If we wanted to return the result in a list and get the number of partitions, we could do this:

def Partitions2_main(nb):
    global counter, PartitionList, Stack
    counter, PartitionList, Stack = 0, [], []
    Partitions2(nb)
    return PartitionList, counter

def Partitions2(remainder, start_number = 1):
    global counter, PartitionList, Stack
    if remainder == 0:
        PartitionList.append(list(Stack))
        counter += 1
    else:
        for nb_to_add in range(start_number, remainder+1):
            Stack.append(nb_to_add)
            Partitions2(remainder - nb_to_add, nb_to_add)
            Stack.pop()

Last, a big advantage of the function Partitions shown above is that it adapts very easily to find all the compositions of a natural number (two compositions can have the same set of numbers, but the order differs in this case): we just have to drop the variable start_number and set it to 1 in the for loop.
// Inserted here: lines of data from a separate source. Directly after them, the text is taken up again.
(* Let $X \subseteq S^{\mathbb{Z}}$ be a countable one-dimensional subshift of finite type over a finite alphabet $S$, and let $f : X \to X$ be a cellular automaton. Then the language of the asymptotic set $\mathcal{A}(f)$ is a $\Sigma^0_3$ set.
   Context: A subshift of finite type is a set $X \subseteq S^{\mathbb{Z}}$ of all configurations avoiding a finite set of forbidden words; a cellular automaton on $X$ is a continuous shift-commuting map $f: X \to X$. The asymptotic set is $\mathcal{A}(f) = \bigcup_{x \in X} \bigcap_{n \in \mathbb{N}} \overline{\bigcup_{k \geq n} \{f^k(x)\}}$. The language of a set $Y \subseteq S^{\mathbb{Z}}$ is the set of words $w\in S^*$ with $w = y_{[0,k-1]}$ for some $y \in Y$, $k\in\mathbb{N}$, viewed as a subset of $\mathbb{N}$ via a computable bijection. A set $P \subseteq \mathbb{N}$ is $\Sigma^0_3$ if $w \in P \iff (\exists c \in \mathbb{N})(\forall m \in \mathbb{N})(\exists \ell \in \mathbb{N}) R(c,m,\ell,w)$ for a recursive predicate $R$. *)

theory Defs
  imports Main "HOL-Library.Nat_Bijection" "HOL-Library.Countable_Set"
begin

type_synonym 'a config = "int \<Rightarrow> 'a"

definition shift :: "'a config \<Rightarrow> 'a config" where
  "shift x = (\<lambda>i. x (i + 1))"

definition occurs_at :: "'a list \<Rightarrow> 'a config \<Rightarrow> int \<Rightarrow> bool" where
  "occurs_at w x i \<longleftrightarrow> map (\<lambda>j. x (i + int j)) [0..<length w] = w"

definition is_SFT :: "'a config set \<Rightarrow> bool" where
  "is_SFT X \<longleftrightarrow> (\<exists>F. finite F \<and> X = {x. \<forall>w\<in>F. \<forall>i. \<not> occurs_at w x i})"

text \<open>Product topology of discrete alphabets, written out via central cylinders [-m,m].\<close>
definition agree_on :: "nat \<Rightarrow> 'a config \<Rightarrow> 'a config \<Rightarrow> bool" where
  "agree_on m x y \<longleftrightarrow> (\<forall>i. \<bar>i\<bar> \<le> int m \<longrightarrow> x i = y i)"

definition cont_on :: "'a config set \<Rightarrow> ('a config \<Rightarrow> 'a config) \<Rightarrow> bool" where
  "cont_on X f \<longleftrightarrow> (\<forall>x\<in>X. \<forall>n. \<exists>m. \<forall>y\<in>X. agree_on m x y \<longrightarrow> agree_on n (f x) (f y))"

definition cellular_automaton :: "'a config set \<Rightarrow> ('a config \<Rightarrow> 'a config) \<Rightarrow> bool" where
  "cellular_automaton X f \<longleftrightarrow> f ` X \<subseteq> X \<and> cont_on X f \<and> (\<forall>x\<in>X. f (shift x) = shift (f x))"

definition cl :: "'a config set \<Rightarrow> 'a config set" where
  "cl A = {y. \<forall>m. \<exists>z\<in>A. agree_on m y z}"

definition asymptotic_set :: "'a config set \<Rightarrow> ('a config \<Rightarrow> 'a config) \<Rightarrow> 'a config set" where
  "asymptotic_set X f = (\<Union>x\<in>X. \<Inter>n. cl {(f ^^ k) x | k. k \<ge> n})"

definition language :: "'a config set \<Rightarrow> 'a list set" where
  "language Y = {w. \<exists>y\<in>Y. \<exists>k. w = map (\<lambda>j. y (int j)) [0..<k]}"

datatype recf = Zr | Sc | Id nat | Cn recf "recf list" | Pr recf recf | Mn recf

inductive reval :: "recf \<Rightarrow> nat list \<Rightarrow> nat \<Rightarrow> bool" where
  zr: "reval Zr xs 0"
| sc: "reval Sc (x # xs) (Suc x)"
| idp: "i < length xs \<Longrightarrow> reval (Id i) xs (xs ! i)"
| cn: "list_all2 (\<lambda>g y. reval g xs y) gs ys \<Longrightarrow> reval f ys z \<Longrightarrow> reval (Cn f gs) xs z"
| pr0: "reval f xs y \<Longrightarrow> reval (Pr f g) (0 # xs) y"
| prS: "reval (Pr f g) (n # xs) y \<Longrightarrow> reval g (n # y # xs) z \<Longrightarrow> reval (Pr f g) (Suc n # xs) z"
| mn: "reval f (n # xs) 0 \<Longrightarrow> (\<forall>m<n. \<exists>y. reval f (m # xs) (Suc y)) \<Longrightarrow> reval (Mn f) xs n"

definition recursive_pred4 :: "(nat \<Rightarrow> nat \<Rightarrow> nat \<Rightarrow> nat \<Rightarrow> bool) \<Rightarrow> bool" where
  "recursive_pred4 R \<longleftrightarrow> (\<exists>c. \<forall>a b d w.
      (R a b d w \<longrightarrow> reval c [a, b, d, w] 1) \<and> (\<not> R a b d w \<longrightarrow> reval c [a, b, d, w] 0))"

definition Sigma0_3 :: "nat set \<Rightarrow> bool" where
  "Sigma0_3 P \<longleftrightarrow> (\<exists>R. recursive_pred4 R \<and>
      (\<forall>w. w \<in> P \<longleftrightarrow> (\<exists>c. \<forall>m. \<exists>l. R c m l w)))"

definition word_code :: "('a \<Rightarrow> nat) \<Rightarrow> 'a list \<Rightarrow> nat" where
  "word_code e w = list_encode (map e w)"

end

theory Submission
  imports Defs
begin

text \<open>Every point of a countable SFT is eventually periodic in both directions: if an
  \<open>N\<close>-block (with \<open>N\<close> bounding the forbidden words) recurs at \<open>a < b < c\<close> but
  \<open>x[b, c)\<close> is not a copy of \<open>x[a, a + (c - b))\<close>, then freely concatenating copies of
  \<open>x[a, c)\<close> and \<open>x[b, c) x[a, b)\<close> produces continuum many points of the subshift. Such points
  are coded by natural numbers \<open>c\<close>. By compactness, \<open>u\<close> is in the language of the asymptotic
  set iff some \<open>x \<in> X\<close> shows \<open>u\<close> at the origin of \<open>f\<^sup>k x\<close> for infinitely many \<open>k\<close>. Hence
  \<open>u\<close> is in the language iff \<open>\<exists>c. \<forall>m. \<exists>l. W c m l u\<close>, where \<open>W\<close> says that \<open>c\<close> codes a point
  without forbidden words at \<open>\<plusminus>m\<close> and that \<open>l\<close> is a space-time diagram of \<open>f\<close> from that
  point, of depth at least \<open>m\<close>, ending in \<open>u\<close>. As \<open>f\<close> is given by a local rule, \<open>W\<close> only
  involves bounded quantifiers and is primitive recursive.\<close>

section \<open>Primitive recursive expressions\<close>

datatype pexp =
  Var nat | Const nat | Plus pexp pexp | Monus pexp pexp | Times pexp pexp
| Iter pexp pexp pexp

text \<open>\<open>Iter a s n\<close> runs the recursion \<open>acc\<^sub>0 = a\<close>, \<open>acc\<^sub>y\<^sub>+\<^sub>1 = s\<close>, where \<open>s\<close> is
  evaluated in the environment extended by \<open>y\<close> and \<open>acc\<^sub>y\<close> (de Bruijn indices 0 and 1).\<close>

fun peval :: "pexp \<Rightarrow> nat list \<Rightarrow> nat" where
  "peval (Var i) env = (if i < length env then env ! i else 0)"
| "peval (Const n) env = n"
| "peval (Plus a b) env = peval a env + peval b env"
| "peval (Monus a b) env = peval a env - peval b env"
| "peval (Times a b) env = peval a env * peval b env"
| "peval (Iter a s n) env = rec_nat (peval a env) (\<lambda>y acc. peval s (y # acc # env)) (peval n env)"

lemma reval_Id: "i < length xs \<Longrightarrow> xs ! i = v \<Longrightarrow> reval (recf.Id i) xs v"
  using reval.idp by blast

fun rf_const :: "nat \<Rightarrow> recf" where
  "rf_const 0 = Zr"
| "rf_const (Suc n) = Cn Sc [rf_const n]"

definition rf_add :: "recf" where
  "rf_add = Pr (Id 0) (Cn Sc [Id 1])"
definition rf_mult :: "recf" where
  "rf_mult = Pr Zr (Cn rf_add [Id 1, Id 2])"
definition rf_pred :: "recf" where
  "rf_pred = Pr Zr (Id 0)"
definition rf_monus :: "recf" where
  "rf_monus = Pr (Id 0) (Cn rf_pred [Id 1])"

lemma reval_rf_const: "reval (rf_const n) xs n"
  by (induction n) (auto intro: reval.intros)

lemma reval_rf_add: "reval rf_add [x, y] (x + y)"
proof (induction x)
  case 0 then show ?case unfolding rf_add_def by (auto intro!: reval.intros reval_Id)
next
  case (Suc x)
  have "reval (Cn Sc [Id 1]) [x, x + y, y] (Suc (x + y))"
    by (rule reval.cn[where ys="[x + y]"]) (auto intro!: reval.intros reval_Id)
  then show ?case using Suc unfolding rf_add_def by (auto intro: reval.prS)
qed

lemma reval_rf_mult: "reval rf_mult [x, y] (x * y)"
proof (induction x)
  case 0 then show ?case unfolding rf_mult_def by (auto intro!: reval.intros reval_Id)
next
  case (Suc x)
  have "reval (Cn rf_add [Id 1, Id 2]) [x, x * y, y] (x * y + y)"
    by (rule reval.cn[where ys="[x * y, y]"]) (auto intro!: reval.intros reval_rf_add reval_Id)
  then show ?case using Suc unfolding rf_mult_def by (auto intro: reval.prS simp: add.commute)
qed
lemma is_cycle_crosses_twice:
  assumes "is_cycle ends H vs es" "v \<in> set vs" "v \<in> T" "b \<in> set vs" "b \<notin> T"
  obtains e1 e2 t1 t2 y1 y2 where "e1 \<in> set es" "e2 \<in> set es" "e1 \<noteq> e2"
    "t1 \<in> T" "t2 \<in> T" "y1 \<in> set vs - T" "y2 \<in> set vs - T"
    "ends e1 = {t1, y1}" "ends e2 = {t2, y2}"
proof -
  let ?k = "length vs"
  let ?next = "\<lambda>i. (i + 1) mod ?k"
  have cycle: "length es = ?k" "distinct es"
    "\<And>i. i < ?k \<Longrightarrow> ends (es ! i) = {vs ! i, vs ! ?next i}"
    using assms(1) unfolding is_cycle_def by blast+
  obtain i0 j0 where "i0 < ?k" "vs ! i0 = v" "j0 < ?k" "vs ! j0 = b"
    using assms(2,4) by (metis in_set_conv_nth)
  then obtain i j where i: "i < ?k" "vs ! i \<in> T" "vs ! ?next i \<notin> T"
    and j: "j < ?k" "vs ! j \<notin> T" "vs ! ?next j \<in> T"
    using cyclic_list_boundary[of i0 vs "\<lambda>x. x \<in> T" j0]
      cyclic_list_boundary[of j0 vs "\<lambda>x. x \<notin> T" i0] assms(3,5) by blast
  have "0 < ?k"
    using i(1) by linarith
  then have "?next i < ?k" "?next j < ?k"
    by simp_all
  moreover have "es ! i \<noteq> es ! j"
    using i j cycle(1,2) by (metis nth_eq_iff_index_eq)
  ultimately show ?thesis
    using that[of "es ! i" "es ! j" "vs ! i" "vs ! ?next j" "vs ! ?next i" "vs ! j"]
      i j cycle(1,3) by (simp add: insert_commute)
qed

definition pendant_forest :: "('e \<Rightarrow> 'v set) \<Rightarrow> ('v,'e) mgraph \<Rightarrow> 'v set \<Rightarrow> 'v set \<Rightarrow> bool" where
  "pendant_forest ends G F R \<longleftrightarrow> acyclic_mg ends (induced ends G F) \<and>
     (\<forall>T \<in> components ends (induced ends G F). edges_between ends G T R \<le> 1)"

lemma is_fvc_iff_pendant_forest:
  "is_fvc ends G C F \<longleftrightarrow>
     C \<subseteq> fst G \<and> F \<subseteq> fst G \<and> C \<inter> F = {} \<and> pendant_forest ends G F (fst G - (C \<union> F))"
  by (simp add: is_fvc_def pendant_forest_def)

lemma pendant_forest_remove_iff:
  assumes "wf_mgraph ends G" "F \<inter> A = {}" "R \<subseteq> fst G - A"
  shows "pendant_forest ends (remove ends G A) F R \<longleftrightarrow> pendant_forest ends G F R"
proof -
  have induced: "induced ends (remove ends G A) F = induced ends G F"
    using induced_remove[OF assms(1)] assms(2) by (simp add: Diff_triv)
  have "edges_between ends (remove ends G A) T R = edges_between ends G T R"
    if "T \<in> components ends (induced ends G F)" for T
    using components_subset[OF that] assms(2,3) by (intro edges_between_remove) auto
  then show ?thesis
    by (simp add: pendant_forest_def induced)
qed

lemma pendant_forest_unique_exit:
  assumes "wf_mgraph ends G" "pendant_forest ends G F R" "T \<in> components ends (induced ends G F)"
    and "e1 \<in> snd G" "t1 \<in> T" "r1 \<in> R" "ends e1 = {t1, r1}"
    and "e2 \<in> snd G" "t2 \<in> T" "r2 \<in> R" "ends e2 = {t2, r2}"
  shows "e1 = e2"
  using assms edges_between_le_oneD[of ends G T R]
  by (auto simp: pendant_forest_def wf_mgraph_def)

lemma obtain_induced_component:
  assumes "u \<in> fst G" "u \<in> F"
  obtains T where "T \<in> components ends (induced ends G F)" "u \<in> T"
  using assms component_of_in_components[of u "induced ends G F" ends]
    in_component_of_self[of u "induced ends G F" ends] by auto

text \<open>A cycle that leaves a tree of \<open>G[F1]\<close> must cross twice into \<open>F2 \<subseteq> R\<close>, but the tree has only
  one edge to \<open>R\<close>.\<close>
lemma acyclic_induced_Un:
  assumes "wf_mgraph ends G" "pendant_forest ends G F1 R"
    and "acyclic_mg ends (induced ends G F2)" "F2 \<subseteq> R"
  shows "acyclic_mg ends (induced ends G (F1 \<union> F2))"
  unfolding acyclic_induced_iff
proof (intro allI impI notI)
  fix vs es
  assume cycle: "is_cycle ends G vs es" and sub: "set vs \<subseteq> F1 \<union> F2"
  have "\<not> set vs \<subseteq> F2"
    using assms(3) cycle unfolding acyclic_induced_iff by blast
  then obtain v where v: "v \<in> set vs" "v \<in> F1"
    using sub by blast
  moreover have "v \<in> fst G"
    using is_cycleD(1)[OF cycle] v(1) by blast
  ultimately obtain T where T: "T \<in> components ends (induced ends G F1)" "v \<in> T"
    by (metis obtain_induced_component)
  have "\<not> set vs \<subseteq> F1"
    using assms(2) cycle unfolding pendant_forest_def acyclic_induced_iff by blast
  then obtain b where "b \<in> set vs" "b \<notin> T"
    using induced_component_subset[OF T(1)] by blast
  then obtain e1 e2 t1 t2 y1 y2 where crossing: "e1 \<in> set es" "e2 \<in> set es" "e1 \<noteq> e2"
    "t1 \<in> T" "t2 \<in> T" "y1 \<in> set vs - T" "y2 \<in> set vs - T" "ends e1 = {t1, y1}" "ends e2 = {t2, y2}"
    using is_cycle_crosses_twice[OF cycle v(1) T(2)] by blast
  have exit: "e \<in> snd G \<and> y \<in> R"
    if "y \<in> set vs - T" "t \<in> T" "e \<in> set es" "ends e = {t, y}" for y t e
  proof
    show "e \<in> snd G"
      using is_cycleD(2)[OF cycle] that(3) by blast
    then have "y \<notin> F1"
      using induced_component_closed[OF assms(1) T(1) that(2) _ that(4)] that(1) by blast
    then show "y \<in> R"
      using sub that(1) assms(4) by blast
  qed
  have "e1 \<in> snd G" "y1 \<in> R" "e2 \<in> snd G" "y2 \<in> R"
    using exit crossing by blast+
  then show False
    using pendant_forest_unique_exit[OF assms(1,2) T(1)] crossing by blast
qed
(* The indicator of the condition (h, r^s)_s = 1 is the sum of mu(d) over the d | r with
   d^s | h. Inserting this into the definition and evaluating the complete exponential sums
   gives c_r^s(b^s) = sum of mu(r/e) e^s over the common divisors e of b and r, and Moebius
   inversion in b turns this into
     sum_{b | a} mu(a/b) c_r^s(b^s) = mu(r/a) a^s if a | r, and 0 otherwise.
   Multiplying by ghat(r) and summing over r, only the multiples r = a m survive, which gives
   a^s sum_m ghat(a m) mu(m). The same two identities, with |mu| <= 1, bound the terms of each
   series by finitely many terms of the other kind, so absolute convergence transfers in both
   directions. *)

section \<open>Sums of the Moebius function\<close>

lemma sum_Pow_minus_one_power_card:
  assumes "finite S"
  shows "(\<Sum>T\<in>Pow S. (-1) ^ card T :: 'a :: ring_1) = (if S = {} then 1 else 0)"
proof (cases "S = {}")
  case False
  then have "card {T. T \<subseteq> S \<and> {} \<subseteq> T \<and> even (card T)}
      = card {T. T \<subseteq> S \<and> {} \<subseteq> T \<and> odd (card T)}"
    using card_subsupersets_even_odd[OF assms] by blast
  then show ?thesis
    using False assms by (subst sum_alternating_cancels) (auto simp: Pow_def)
qed simp

lemma multiplicity_prod_primes:
  fixes S :: "nat set"
  assumes "finite S" "\<And>q. q \<in> S \<Longrightarrow> prime q" "prime p"
  shows "multiplicity p (\<Prod>S) = (if p \<in> S then 1 else 0)"
  using multiplicity_prod_prime_powers[OF assms, of "\<lambda>_. 1"] by simp

lemma prod_primes_nonzero:
  fixes S :: "nat set"
  assumes "\<And>q. q \<in> S \<Longrightarrow> prime q"
  shows "\<Prod>S \<noteq> 0"
proof -
  have "0 \<notin> S" using assms not_prime_0 by blast
  then show ?thesis by (cases "finite S") auto
qed

lemma squarefree_prod_primes:
  fixes S :: "nat set"
  assumes "finite S" "\<And>q. q \<in> S \<Longrightarrow> prime q"
  shows "squarefree (\<Prod>S)"
  using assms by (simp add: squarefree_factorial_semiring''[OF prod_primes_nonzero] multiplicity_prod_primes)

lemma prime_factors_prod_primes:
  fixes S :: "nat set"
  assumes "finite S" "\<And>q. q \<in> S \<Longrightarrow> prime q"
  shows "prime_factors (\<Prod>S) = S"
  using assms by (auto simp: prime_factors_multiplicity multiplicity_prod_primes prod_primes_nonzero
      split: if_splits)

lemma prod_prime_factors_squarefree:
  fixes d :: nat
  assumes "squarefree d"
  shows "\<Prod>(prime_factors d) = d"
proof -
  have "d \<noteq> 0" using assms by (metis not_squarefree_0)
  then have "(\<Prod>p\<in>prime_factors d. p ^ multiplicity p d) = d"
    using prod_prime_factors[of d] by simp
  moreover have "(\<Prod>p\<in>prime_factors d. p ^ multiplicity p d) = \<Prod>(prime_factors d)"
    using assms \<open>d \<noteq> 0\<close> by (intro prod.cong) (auto simp: squarefree_factorial_semiring')
  ultimately show ?thesis by simp
qed

lemma bij_betw_prime_factors_squarefree_divisors:
  fixes n :: nat
  assumes "n > 0"
  shows "bij_betw prime_factors {d. d dvd n \<and> squarefree d} (Pow (prime_factors n))"
proof (rule bij_betw_byWitness[where f' = Prod])
  have "\<Prod>S dvd n" if "S \<subseteq> prime_factors n" for S
  proof (rule multiplicity_le_imp_dvd)
    have "finite S" using that finite_subset by blast
    show "\<Prod>S \<noteq> 0" using that by (intro prod_primes_nonzero) auto
    show "multiplicity p (\<Prod>S) \<le> multiplicity p n" if "prime p" for p
      using \<open>finite S\<close> \<open>S \<subseteq> prime_factors n\<close> \<open>prime p\<close>
      by (subst multiplicity_prod_primes) (auto simp: prime_factors_multiplicity)
  qed
  then show "Prod ` Pow (prime_factors n) \<subseteq> {d. d dvd n \<and> squarefree d}"
    by (auto intro!: squarefree_prod_primes dest: finite_subset)
  show "\<forall>S\<in>Pow (prime_factors n). prime_factors (\<Prod>S) = S"
    by (auto intro!: prime_factors_prod_primes dest: finite_subset)
  show "\<forall>d\<in>{d. d dvd n \<and> squarefree d}. \<Prod>(prime_factors d) = d"
    by (auto intro: prod_prime_factors_squarefree)
  show "prime_factors ` {d. d dvd n \<and> squarefree d} \<subseteq> Pow (prime_factors n)"
    using assms dvd_prime_factors[of n] by auto
qed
# get the compositions of an integer

Stack = []
def Compositions(remainder):
    if remainder == 0:
        print(" + ".join(Stack))
    else:
        for nb_to_add in range(1, remainder+1):
            Stack.append(str(nb_to_add))
            Compositions(remainder - nb_to_add)
            Stack.pop()

Example of output:

Compositions(4)
1 + 1 + 1 + 1
1 + 1 + 2
1 + 2 + 1
1 + 3
2 + 1 + 1
2 + 2
3 + 1
4

Answer 9

# -*- coding: utf-8 -*-
import timeit

ncache = 0
cache = {}


def partition(number):
    global cache, ncache
    answer = {(number,), }
    if number in cache:
        ncache += 1
        return cache[number]
    if number == 1:
        cache[number] = answer
        return answer
    for x in range(1, number):
        for y in partition(number - x):
            answer.add(tuple(sorted((x, ) + y)))
    cache[number] = answer
    return answer


print('To 5:')
for r in sorted(partition(5))[::-1]:
    print('\t' + ' + '.join(str(i) for i in r))

print(
    'Time: {}\nCache used:{}'.format(
        timeit.timeit(
            "print('To 30: {} possibilities'.format(len(partition(30))))",
            setup="from __main__ import partition",
            number=1
        ), ncache
    )
)

or https://gist.github.com/sxslex/dd15b13b28c40e695f1e227a200d1646

Answer 10

I don't know if my code is the most elegant, but I've had to solve this many times for research purposes. If you modify the

sub_nums

variable you can restrict what numbers are used in the partition.

def make_partitions(number):
    out = []
    tmp = []
    sub_nums = range(1,number+1)
    for num in sub_nums:
        if num<=number:
            tmp.append([num])
        for elm in tmp:
            sum_elm = sum(elm)
            if sum_elm == number:
                out.append(elm)
            else:
                for num in sub_nums:
                    if sum_elm + num <= number:
                         L = [i for i in elm]
                         L.append(num)
                         tmp.append(L)
    return out

Answer 11

F(x,n) = \union_(i>=n) { {i}U g| g in F(x-i,i) }

Just implement this recursion. F(x,n) is the set of all sets that sum to x and their elements are greater than or equal to n.